As for the economy the prime rate is forecast to continue its decline through 2009, to fall by a total 350 basis points to 12% by the end of the year. Real GDP growth is forecast at 2% (down from 3.2% for 2008), but rise to 3% in 2010. The gradual recovery towards 2010 should come on the back of lower interest rates and a gradually recovering global economy.  After an impressive 6.9% real growth in real household disposable income in 2007 (although steadily declining from quarter to quarter), 2008 was forecast to yield a slower growth rate of 2.5% by year end, followed by 1.5% this year, and 5.1% in 2010.
The projection for this year is significantly worse than in previous forecasts, as it allows for what appears to be a worse- than-previously-expected job loss situation. Nevertheless, as the year progresses, real disposable income growth should gradually recover on the back of declining consumer price inflation, after a very poor start to the year.
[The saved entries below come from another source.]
(* The leading eigenvalue $k$ of $\widehat\mu$ is twice differentiable at $0$, with gradient $\nabla k(0)=\mathbf{i}\,m$ and Hessian matrix $\mathbf{H}_k(0)=-\sigma$.
   Context: Fix integers $d,p\ge 1$. Let $(Z_n)=(A_n,M_n)$ be a Markov-additive process on $\mathbb{Z}^d\times\{1,\dots,p\}$ (a Markov chain with $\mathbb{P}_{(x,i)}((A_1,M_1)=(x',i'))=\mathbb{P}_{(0,i)}((A_1,M_1)=(x'-x,i'))$), with jump matrix $\mu_{i,j}(x)=\mathbb{P}_{(0,i)}((A_1,M_1)=(x,j))$, assumed irreducible, aperiodic (for every state, the gcd of possible return times is $1$), with finite exponential moments ($\sum_xe^{\alpha\|x\|}\mu_{i,j}(x)<\infty$ for all $\alpha>0$). Fourier transform $\widehat\mu(\theta)_{i,j}=\sum_xe^{\mathbf{i}x\cdot\theta}\mu_{i,j}(x)$, $\theta\in\mathbb{R}^d$. For $\theta$ in a neighborhood of $0$, $\widehat\mu(\theta)$ has a unique eigenvalue of maximal modulus, which is simple; it is denoted $k(\theta)$ (with $k(0)=1$). $\pi$ is the stationary distribution of $\widehat\mu(0)$ (the transition matrix of $(M_n)$); local drifts $m_{i,j}=\sum_xx\mu_{i,j}(x)$, global drift $m=\sum_{i,j}\pi_im_{i,j}$. A change of section is a real $p\times d$ matrix $g$ with rows $g_i$; ${}^g\mu_{i,j}(x)=\mu_{i,j}(x+g_j-g_i)$ for $x\in\mathbb{R}^d$, ${}^gm_{i,j}=\sum_xx\,{}^g\mu_{i,j}(x)$; $g$ is appropriate if $\sum_j{}^gm_{i,j}=m$ for all $i$ (such $g$ exist and give the same ${}^g\mu$). The energy matrix is $\sigma_{k,l}=\sum_{x\in\mathbb{R}^d}x_kx_l\sum_{i,j}\pi_i\,{}^g\mu_{i,j}(x)$ for $g$ appropriate. *)

theory Defs
  imports "HOL-Analysis.Analysis"
begin
(* Let $(\mathbf{x}, y, a)$ be jointly distributed according to a distribution $P$ with $\mathbf{x}\in\mathbb{R}^d$, $y\in\mathcal{Y}=\{1,\ldots,L\}$ and $a\in\mathcal{A}$, where $|\mathcal{A}|=K$, and assume every group has positive prior, $P(y,a)>0$ for all $(y,a)\in\mathcal{Y}\times\mathcal{A}$. For a scoring function $f:\mathbb{R}^d\to\mathbb{R}^L$ define its group-balanced accuracy $$GBA(f)=\frac{1}{KL}\sum_{(y_0,a_0)\in\mathcal{Y}\times\mathcal{A}} P\Big(y=\arg\max_{y'\in\mathcal{Y}} f_{y'}(\mathbf{x}) \,\Big|\, (y,a)=(y_0,a_0)\Big).$$ Then the classifier that assigns to each input $\mathbf{x}$ the prediction $$\arg\max_{y\in\mathcal{Y}}\sum_{a\in\mathcal{A}}\frac{P(y,a\mid\mathbf{x})}{P(y,a)} \;=\; \arg\max_{y\in\mathcal{Y}}\sum_{a\in\mathcal{A}}\frac{P(y\mid a,\mathbf{x})\,P(a\mid\mathbf{x})}{P(y,a)}$$ maximizes $GBA$; i.e. any $f^\ast$ with $\arg\max_{y}f^\ast_y(\mathbf{x})$ equal to this prediction for every $\mathbf{x}$ satisfies $f^\ast\in\arg\max_f GBA(f)$.
   Context: $\mathcal{A}$ is the set of values of a (spurious) attribute; a group is a pair $g=(y,a)\in\mathcal{Y}\times\mathcal{A}$. $P(y,a)$ denotes the prior probability of group $(y,a)$ and $P(y,a\mid\mathbf{x})$ the true posterior probability of group $(y,a)$ given $\mathbf{x}$; $P(y\mid a,\mathbf{x})$ and $P(a\mid\mathbf{x})$ are the corresponding conditional probabilities under $P$. *)

theory Defs
  imports "HOL-Probability.Probability"
begin

text \<open>Samples are triples (x, (y, a)) with x :: real^'d, label y :: 'y, attribute a :: 'a.
  A scoring function is f :: real^'d => 'y => real (f x y = f_y(x)).\<close>

text \<open>Prediction argmax_y f_y(x); ties are broken by a fixed (choice-based) rule that
  depends only on the set of maximisers.\<close>
definition pred :: "('x \<Rightarrow> 'y \<Rightarrow> real) \<Rightarrow> 'x \<Rightarrow> 'y" where
  "pred f x = (SOME y. \<forall>y'. f x y' \<le> f x y)"

definition cond_prob :: "'z measure \<Rightarrow> 'z set \<Rightarrow> 'z set \<Rightarrow> real" where
  "cond_prob M A B = measure M (A \<inter> B) / measure M B"

definition group_prior :: "('x \<times> ('y \<times> 'a)) measure \<Rightarrow> 'y \<Rightarrow> 'a \<Rightarrow> real" where
  "group_prior M y a = measure M {z \<in> space M. snd z = (y, a)}"

definition GBA :: "('x \<times> ('y::finite \<times> 'a::finite)) measure \<Rightarrow> ('x \<Rightarrow> 'y \<Rightarrow> real) \<Rightarrow> real" where
  "GBA M f = (1 / (real CARD('a) * real CARD('y))) *
     (\<Sum>(y0, a0) \<in> (UNIV :: ('y \<times> 'a) set).
        cond_prob M {z \<in> space M. pred f (fst z) = fst (snd z)}
                    {z \<in> space M. snd z = (y0, a0)})"

text \<open>The score sum_a P(y,a|x)/P(y,a), given the posterior eta x y a = P(y,a|x).\<close>
definition bayes_score :: "('x \<times> ('y \<times> 'a::finite)) measure \<Rightarrow> ('x \<Rightarrow> 'y \<Rightarrow> 'a \<Rightarrow> real)
    \<Rightarrow> 'x \<Rightarrow> 'y \<Rightarrow> real" where
  "bayes_score M \<eta> x y = (\<Sum>a\<in>UNIV. \<eta> x y a / group_prior M y a)"

end

theory Submission
  imports Defs
begin

text \<open>Write \<open>\<nu>\<close> for the law of \<open>x\<close> and \<open>s(x, y) = \<Sum>\<^sub>a \<eta>(x,y,a) / P(y,a)\<close>.
  Through the density \<open>\<eta>\<close>, the accuracy of a classifier \<open>g\<close> on group \<open>(y, a)\<close> is
  \<open>\<integral> 1[g x = y] \<eta>(x,y,a) / P(y,a) d\<nu>\<close>; summing over all groups gives
  \<open>KL \<cdot> GBA = \<integral> s(x, g x) d\<nu>\<close>. The integrand is maximised pointwise by predicting a
  maximiser of \<open>s(x, \<cdot>)\<close>, which is exactly what \<open>f\<^sup>*\<close> does.\<close>

lemma measurable_pred:
  fixes f :: "'x \<Rightarrow> 'y::finite \<Rightarrow> real"
  assumes "\<And>y. (\<lambda>x. f x y) \<in> borel_measurable N"
  shows "pred f \<in> measurable N (count_space UNIV)"
proof -
  \<comment> \<open>\<open>pred f x\<close> is a fixed choice from the argmax set, which ranges over a finite type.\<close>
  have "(\<lambda>x. {y. \<forall>y'. f x y' \<le> f x y}) \<in> measurable N (count_space UNIV)"
  proof (subst measurable_count_space_eq2_countable, safe)
    fix T :: "'y set"
    have "Measurable.pred N (\<lambda>x. \<forall>y. (\<forall>y'. f x y' \<le> f x y) \<longleftrightarrow> y \<in> T)"
      using assms by measurable
    then show "(\<lambda>x. {y. \<forall>y'. f x y' \<le> f x y}) -` {T} \<inter> space N \<in> sets N"
      by (simp add: Measurable.pred_def vimage_def set_eq_iff Int_def conj_commute)
  qed auto
  then have "(\<lambda>x. SOME y. y \<in> {y. \<forall>y'. f x y' \<le> f x y}) \<in> measurable N (count_space UNIV)"
    by (rule measurable_compose_countable[where f="\<lambda>T x. SOME y. y \<in> T", rotated]) simp
  then show ?thesis
    by (simp add: pred_def[abs_def])
qed

lemma bayes_score_eq_sum_groups:
  fixes g :: "'x \<Rightarrow> 'y::finite"
  shows "bayes_score M \<eta> x (g x) =
    (\<Sum>(y, a)\<in>UNIV. indicator {x. g x = y} x * \<eta> x y a / group_prior M y a)"
proof -
  have "(\<Sum>(y, a)\<in>UNIV. indicator {x. g x = y} x * \<eta> x y a / group_prior M y a) =
        (\<Sum>y\<in>UNIV. indicator {x. g x = y} x * bayes_score M \<eta> x y)"
    by (simp add: bayes_score_def sum_distrib_left sum.cartesian_product
        UNIV_Times_UNIV[symmetric] del: UNIV_Times_UNIV)
  also have "\<dots> = bayes_score M \<eta> x (g x)"
    by (simp add: indicator_def singleton_conv)
  finally show ?thesis ..
qed

lemma cond_prob_correct_in_group:
  fixes M :: "('x \<times> ('y \<times> 'a)) measure"
  assumes sets_M: "sets M = sets (X \<Otimes>\<^sub>M count_space UNIV)"
    and density: "\<forall>B \<in> sets X. measure M (B \<times> {(y, a)}) = (LINT x:B|distr M X fst. \<eta> x y a)"
    and g: "g \<in> measurable X (count_space UNIV)"
  shows "cond_prob M {z \<in> space M. g (fst z) = fst (snd z)} {z \<in> space M. snd z = (y, a)} =
         (\<integral>x. indicator {x. g x = y} x * \<eta> x y a / group_prior M y a \<partial>distr M X fst)"
proof -
  have space_M: "space M = space X \<times> UNIV"
    using sets_eq_imp_space_eq[OF sets_M] by (simp add: space_pair_measure)
  have "{z \<in> space M. g (fst z) = fst (snd z)} \<inter> {z \<in> space M. snd z = (y, a)} =
        (g -` {y} \<inter> space X) \<times> {(y, a)}"
    by (auto simp: space_M)
  moreover have "g -` {y} \<inter> space X \<in> sets X"
    using g by measurable
  ultimately have "measure M ({z \<in> space M. g (fst z) = fst (snd z)} \<inter>
                             {z \<in> space M. snd z = (y, a)}) =
      (LINT x:g -` {y} \<inter> space X|distr M X fst. \<eta> x y a)"
    using density by simp
  also have "\<dots> = (\<integral>x. indicator {x. g x = y} x * \<eta> x y a \<partial>distr M X fst)"
    unfolding set_lebesgue_integral_def real_scaleR_def
    by (rule Bochner_Integration.integral_cong) (auto simp: indicator_def)
  finally show ?thesis
    by (simp add: cond_prob_def group_prior_def)
qed

lemma sum_group_accuracies_eq_integral:
  fixes M :: "('x \<times> ('y::finite \<times> 'a::finite)) measure"
  assumes "prob_space M"
    and sets_M: "sets M = sets (X \<Otimes>\<^sub>M count_space UNIV)"
    and \<eta>_measurable: "\<forall>y a. (\<lambda>x. \<eta> x y a) \<in> borel_measurable X"
    and \<eta>_bounds: "\<forall>x y a. 0 \<le> \<eta> x y a \<and> \<eta> x y a \<le> 1"
    and density: "\<forall>y a. \<forall>B \<in> sets X.
           measure M (B \<times> {(y, a)}) = (LINT x:B|distr M X fst. \<eta> x y a)"
    and g: "g \<in> measurable X (count_space UNIV)"
  shows "integrable (distr M X fst) (\<lambda>x. bayes_score M \<eta> x (g x))"
    and "(\<Sum>(y, a)\<in>UNIV. cond_prob M {z \<in> space M. g (fst z) = fst (snd z)}
                                     {z \<in> space M. snd z = (y, a)}) =
         (\<integral>x. bayes_score M \<eta> x (g x) \<partial>distr M X fst)" (is "?accuracies = _")
proof -
  interpret M: prob_space M by fact
  let ?\<nu> = "distr M X fst"
  have "fst \<in> measurable M X"
    unfolding measurable_cong_sets[OF sets_M refl] by simp
  then interpret \<nu>: prob_space ?\<nu>
    by (rule M.prob_space_distr)
  define h where "h y a = (\<lambda>x. indicator {x. g x = y} x * \<eta> x y a / group_prior M y a)" for y a
  have h_integrable: "integrable ?\<nu> (h y a)" for y a
  proof (rule \<nu>.integrable_const_bound[where B="1 / group_prior M y a"])
    show "AE x in ?\<nu>. norm (h y a x) \<le> 1 / group_prior M y a"
      using \<eta>_bounds by (auto simp: h_def indicator_def group_prior_def divide_right_mono)
    have "(\<lambda>x. \<eta> x y a) \<in> borel_measurable X"
      using \<eta>_measurable by simp
    then show "h y a \<in> borel_measurable ?\<nu>"
      unfolding h_def using g by measurable
  qed
  have bayes_score_eq: "(\<lambda>x. bayes_score M \<eta> x (g x)) = (\<lambda>x. \<Sum>(y, a)\<in>UNIV. h y a x)"
    by (simp add: h_def bayes_score_eq_sum_groups)
  show "integrable ?\<nu> (\<lambda>x. bayes_score M \<eta> x (g x))"
    unfolding bayes_score_eq case_prod_beta using h_integrable by simp
  have group_accuracy: "cond_prob M {z \<in> space M. g (fst z) = fst (snd z)}
                                  {z \<in> space M. snd z = (y, a)} = integral\<^sup>L ?\<nu> (h y a)" for y a
    unfolding h_def using density by (intro cond_prob_correct_in_group[OF sets_M _ g]) simp
  have "?accuracies = (\<Sum>(y, a)\<in>UNIV. integral\<^sup>L ?\<nu> (h y a))"
    by (rule sum.cong) (auto simp only: group_accuracy)
  also have "\<dots> = (\<integral>x. (\<Sum>(y, a)\<in>UNIV. h y a x) \<partial>?\<nu>)"
    unfolding case_prod_beta using h_integrable by simp
  finally show "?accuracies = (\<integral>x. bayes_score M \<eta> x (g x) \<partial>?\<nu>)"
    unfolding bayes_score_eq .
qed

theorem proposition1:
  fixes M :: "((real ^ 'd) \<times> ('y::finite \<times> 'a::finite)) measure"
    and \<eta> :: "real ^ 'd \<Rightarrow> 'y \<Rightarrow> 'a \<Rightarrow> real"
    and fstar :: "real ^ 'd \<Rightarrow> 'y \<Rightarrow> real"
  assumes "prob_space M"
    and "sets M = sets (borel \<Otimes>\<^sub>M count_space UNIV)"
    and "\<forall>y a. group_prior M y a > 0"
    and "\<forall>y a. (\<lambda>x. \<eta> x y a) \<in> borel_measurable borel"
    and "\<forall>x y a. \<eta> x y a \<ge> 0"
    and "\<forall>x. (\<Sum>(y, a)\<in>UNIV. \<eta> x y a) = 1"
    and "\<forall>y a. \<forall>B \<in> sets borel.
           measure M (B \<times> {(y, a)}) = (LINT x:B|distr M borel fst. \<eta> x y a)"
    and "\<forall>y. (\<lambda>x. fstar x y) \<in> borel_measurable borel"
    and "\<forall>x y. bayes_score M \<eta> x y \<le> bayes_score M \<eta> x (pred fstar x)"
  shows "\<forall>f :: real ^ 'd \<Rightarrow> 'y \<Rightarrow> real.
           (\<forall>y. (\<lambda>x. f x y) \<in> borel_measurable borel) \<longrightarrow> GBA M f \<le> GBA M fstar"
proof (intro allI impI)
  fix f :: "real ^ 'd \<Rightarrow> 'y \<Rightarrow> real"
  assume "\<forall>y. (\<lambda>x. f x y) \<in> borel_measurable borel"
  then have pred_f: "pred f \<in> measurable borel (count_space UNIV)"
    by (intro measurable_pred) simp
  have pred_fstar: "pred fstar \<in> measurable borel (count_space UNIV)"
    using assms(8) by (intro measurable_pred) simp
  have "\<eta> x y a \<le> 1" for x y a
    using member_le_sum[of "(y, a)" UNIV "\<lambda>(y, a). \<eta> x y a"] assms(5,6) by auto
  with assms(5) have "\<forall>x y a. 0 \<le> \<eta> x y a \<and> \<eta> x y a \<le> 1"
    by simp
  note accuracy = sum_group_accuracies_eq_integral[OF assms(1,2,4) this assms(7)]
  have "(\<integral>x. bayes_score M \<eta> x (pred f x) \<partial>distr M borel fst) \<le>
        (\<integral>x. bayes_score M \<eta> x (pred fstar x) \<partial>distr M borel fst)"
    using accuracy(1)[OF pred_f] accuracy(1)[OF pred_fstar] assms(9) by (intro integral_mono) auto
  then show "GBA M f \<le> GBA M fstar"
    unfolding GBA_def accuracy(2)[OF pred_f] accuracy(2)[OF pred_fstar]
    by (simp add: divide_right_mono)
qed

end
The good 2010 number will not only have the benefit of an expected improvement in job growth and lower inflation, but also lower net interest payments declining, and in an improved economic environment one should expect to see stronger growth in the “income from property (investments) component of household sector disposable income in that year.”
The debt-service ratio was believed to have peaked at 11.7% in the third quarter of 2008 (very similar to the near-12% ratios of previous big cycles in the 80s and 90s – ignoring the 1998 25.5% prime rate spike), and is expected to decline to 8% by end-2010.
For the 2008 year (with figures still to finalise), the total value of new mortgage loans and re-advances granted is projected to fall by about -25.6%, implying that from 2007’s total value of R364.6bn, new mortgage loans granted were projected at R271.3bn for 2008, then followed by another more mild rate of decline of -5.3% to R257bn for 2009. Bear in mind, though, that from quarter to quarter the 2009 situation is expected to improve steadily in response to improving real disposable income growth and lower  debt-servicing costs, and by 2010 the mortgage market is projected to be growing at a lot faster (43.4%!) to R368.5 billion.